In traditional teams, the team is managed by a manager, and this manager will do things like make resourcing decisions, deciding whom to hire and when to hire them. However, an Agile team self-manages. So if you take away the ability of the team to decide whom to hire and when to hire them, you’re reducing their self-management. The result is that everyone will suffer all the hard-to-see but hugely damaging problems you get from reducing a team’s autonomy — like reducing their intrinsic motivation, trust, collaboration, and discretionary effort. 

So there we have three big problems that can be caused by adding new “resources,” or people, to an Agile team. You slow things down, you tip the team back into arguments and uncertainty, and you take away their self-management and all the benefits that come along with it. So how do we solve these problems? 

Well, the answer is in the title of the blog post. It’s not just about whom you hire, but when you hire them. 

Adding more people to a software development project doesn’t always make it later; it just makes it later if the project is already late. So if you’re adding a resource, then do it much earlier on in the project, not as you get closer to the finish line and realize that you’re going to miss your delivery date. Similarly, if adding new people risks tipping the team back to the start of the forming-norming-storming-performing cycle, then limit the number of times you add people into the team. Rather than adding one new person every two weeks, build up your pool of people you want to add into the team, then add them all in one go, after giving everyone plenty of notice. This gives the team a period of stability with no new joiners, in order to get themselves back through storming and up into performing. Finally, let the team itself take on these decisions about when to add new people. The team will have the best view of when it’s easiest and of most use to add in new people, so listen to them and let them guide the decisions in this area. If the team says now is not the right time, then now is not the right time. 

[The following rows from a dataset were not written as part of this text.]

(*
  Write \<lambda>\<^sub>a b = -a + a \<circ> b, so that a \<circ> b = a + \<lambda>\<^sub>a b and a \<mapsto> \<lambda>\<^sub>a is a homomorphism from
  (B, \<circ>) to Aut (B, +). Hence an additive subgroup closed under all \<lambda>\<^sub>a is closed under \<circ>,
  and, B being finite, is a subgroup of both groups.

  If B = B(x), the \<lambda>-orbit X of x spans such a subgroup containing x, so X is a transitive
  cycle base. If Y \<subseteq> X is a sub-cycle set containing x, its stabilizer
  H = {a. \<lambda>\<^sub>a Y \<subseteq> Y} is a subgroup of (B, \<circ>) containing the inverses y\<^sup>- (since
  \<lambda>\<^bsub>y\<^sup>-\<^esub> = y \<cdot> _), hence Y; from s + y = s \<circ> \<lambda>\<^bsub>s\<^sup>-\<^esub> y it contains all sums of elements of Y.
  These sums form a \<lambda>\<^sub>H-invariant additive subgroup containing x, hence are all of B; so
  H = B, Y is \<lambda>-invariant and Y = X.

  Conversely, if X is a transitive cycle base generated as a cycle set by x, then for every
  subgroup S of both groups containing x, S \<inter> X is a sub-cycle set containing x, so X \<subseteq> S
  and B = span X \<subseteq> S.
*)

lemma (in group) finite_submonoid_is_subgroup:
  assumes sub: "submonoid H G" and fin: "finite H"
  shows "subgroup H G"
proof (rule submonoid_subgroupI[OF sub])
  interpret H: submonoid H G by (rule sub)
  fix a assume a: "a \<in> H"
  have "(\<lambda>x. a \<otimes> x) ` H = H"
  proof (rule endo_inj_surj[OF fin])
    show "(\<lambda>x. a \<otimes> x) ` H \<subseteq> H" using a by blast
    show "inj_on (\<lambda>x. a \<otimes> x) H" using a by (intro inj_onI) (meson l_cancel H.mem_carrier)
  qed
  then obtain y where y: "y \<in> H" "a \<otimes> y = \<one>" using H.one_closed by (metis imageE)
  then have "inv a = y" using a by (metis H.mem_carrier inv_equality l_inv_ex r_inv r_one)
  with y show "inv a \<in> H" by simp
qed
text \<open>Submodularity of entropy, via ln x \<le> x - 1 applied to the class-size ratios.\<close>
lemma count_entropy_submodular:
  assumes T: "finite T"
  shows "count_entropy T (P\<inter>Q) + count_entropy T (P\<union>Q) \<le> count_entropy T P + count_entropy T Q"
proof -
  let ?r = "\<lambda>t. class_size T P t * class_size T Q t / (class_size T (P\<inter>Q) t * class_size T (P\<union>Q) t)"
  have pos: "class_size T S t > 0" if "t \<in> T" for S t
    using class_size_ge_1[OF T that, of S] by simp
  have card_pos: "real (card T) > 0" if "t \<in> T" for t using T that card_gt_0_iff by fastforce
  have defect: "ln (real (card T) / class_size T P t) + ln (real (card T) / class_size T Q t)
      - ln (real (card T) / class_size T (P\<inter>Q) t) - ln (real (card T) / class_size T (P\<union>Q) t)
      = - ln (?r t)" if t: "t \<in> T" for t
    using pos[OF t, of P] pos[OF t, of Q] pos[OF t, of "P\<inter>Q"] pos[OF t, of "P\<union>Q"] card_pos[OF t]
    by (simp add: ln_div ln_mult)
  have "count_entropy T P + count_entropy T Q - count_entropy T (P\<inter>Q) - count_entropy T (P\<union>Q)
      = (\<Sum>t\<in>T. - ln (?r t))"
    unfolding count_entropy_def sum_subtractf[symmetric] sum.distrib[symmetric]
    by (rule sum.cong[OF refl]) (rule defect)
  also have "\<dots> \<ge> (\<Sum>t\<in>T. 1 - ?r t)"
  proof (rule sum_mono)
    fix t assume "t \<in> T"
    then have "?r t > 0" using pos by simp
    then show "1 - ?r t \<le> - ln (?r t)" using ln_le_minus_one[of "?r t"] by simp
  qed
  also have "(\<Sum>t\<in>T. 1 - ?r t) = real (card T) - (\<Sum>t\<in>T. ?r t)"
    by (simp add: sum_subtractf)
  finally show ?thesis using class_ratio_sum_le[OF T, of P Q] by simp
qed

text \<open>Monotonicity: refining the coordinate set shrinks every class.\<close>
lemma count_entropy_mono:
  assumes T: "finite T" and "A \<subseteq> B"
  shows "count_entropy T A \<le> count_entropy T B"
  unfolding count_entropy_def
proof (rule sum_mono)
  fix t assume t: "t \<in> T"
  have "card {s\<in>T. agree_on B s t} \<le> card {s\<in>T. agree_on A s t}"
    using assms by (intro card_mono) (auto simp: agree_on_def)
  then have "class_size T B t \<le> class_size T A t" by (simp add: class_size_def)
  moreover have "class_size T B t > 0" using class_size_ge_1[OF T t, of B] by simp
  moreover have "real (card T) > 0" using T t card_gt_0_iff by fastforce
  ultimately show "ln (real (card T) / class_size T A t) \<le> ln (real (card T) / class_size T B t)"
    by (simp add: divide_left_mono)
qed

lemma count_entropy_empty: "finite T \<Longrightarrow> count_entropy T {} = 0"
  by (simp add: count_entropy_def class_size_def agree_on_def)

text \<open>Coordinate sets inducing the same agreement relation on T have equal entropy;
  this expresses that a functional dependency carries no information.\<close>
lemma count_entropy_cong:
  assumes "\<And>s t. s \<in> T \<Longrightarrow> t \<in> T \<Longrightarrow> agree_on A s t \<longleftrightarrow> agree_on B s t"
  shows "count_entropy T A = count_entropy T B"
proof -
  have "{s\<in>T. agree_on A s t} = {s\<in>T. agree_on B s t}" if "t \<in> T" for t
    using assms that by blast
  then show ?thesis unfolding count_entropy_def class_size_def by simp
qed

text \<open>Entropy is at most the logarithm of the support size: if agreement on S is
  equality of g, the entropy of S is bounded by ln |g ` T| (Gibbs' inequality).\<close>
lemma count_entropy_le_ln_image:
  assumes T: "finite T" and ne: "T \<noteq> {}"
    and g: "\<And>s t. s \<in> T \<Longrightarrow> t \<in> T \<Longrightarrow> agree_on S s t \<longleftrightarrow> g s = g t"
  shows "count_entropy T S \<le> real (card T) * ln (real (card (g ` T)))"
proof -
  define K where "K = real (card (g ` T))"
  define n where "n = real (card T)"
  have K: "K > 0" using T ne by (simp add: K_def card_gt_0_iff)
  have n: "n > 0" using T ne by (simp add: n_def card_gt_0_iff)
  have class_fiber: "class_size T S t = real (card {s\<in>T. g s = g t})" if "t \<in> T" for t
  proof -
    have "{s\<in>T. agree_on S s t} = {s\<in>T. g s = g t}" using g that by blast
    then show ?thesis by (simp add: class_size_def)
  qed
  have pos: "class_size T S t > 0" if "t \<in> T" for t using class_size_ge_1[OF T that, of S] by simp
  have inverse_sum: "(\<Sum>t\<in>T. 1 / class_size T S t) = K"
  proof -
    have "(\<Sum>t\<in>T. 1 / class_size T S t) = (\<Sum>y\<in>g ` T. \<Sum>t\<in>{x\<in>T. g x = y}. 1 / class_size T S t)"
      using T by (rule sum.image_gen)
    also have "\<dots> = (\<Sum>y\<in>g ` T. 1)"
    proof (rule sum.cong[OF refl])
      fix y assume "y \<in> g ` T"
      then obtain t0 where t0: "t0 \<in> T" "y = g t0" by auto
      have "(\<Sum>t\<in>{x\<in>T. g x = y}. 1 / class_size T S t)
          = (\<Sum>t\<in>{x\<in>T. g x = y}. 1 / real (card {x\<in>T. g x = y}))"
        using class_fiber by (intro sum.cong) auto
      also have "\<dots> = 1" using class_size_ge_1[OF T t0(1), of S] class_fiber[OF t0(1)] t0 by simp
      finally show "(\<Sum>t\<in>{x\<in>T. g x = y}. 1 / class_size T S t) = 1" .
    qed
    finally show ?thesis by (simp add: K_def)
  qed
  have "count_entropy T S = (\<Sum>t\<in>T. ln (n / (K * class_size T S t)) + ln K)"
    unfolding count_entropy_def n_def[symmetric]
    using pos K n by (intro sum.cong) (auto simp: ln_div ln_mult dest: pos)
  also have "\<dots> \<le> (\<Sum>t\<in>T. (n / (K * class_size T S t) - 1) + ln K)"
    using pos K n by (intro sum_mono add_right_mono ln_le_minus_one) auto
  also have "\<dots> = (n / K) * (\<Sum>t\<in>T. 1 / class_size T S t) - n + n * ln K"
    by (simp add: sum.distrib sum_subtractf sum_distrib_left n_def)
  also have "\<dots> = n * ln K" using inverse_sum K by simp
  finally show ?thesis by (simp add: n_def K_def)
qed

No matter how much your upbringing may make you feel like adding new people to a team will get you out of the delivery deadline hole you find yourself in, it almost certainly won’t. However, collaborate with the team on some clever thinking around when to add people in, and you’ll be hiring in an Agile context as well as going a long way toward getting the results you want. 


Gez Smith is Lead Agile Coach at HSBC and he runs www.agileforrecruiters.com, teaching recruiters and HR people all about great Agile hiring practices.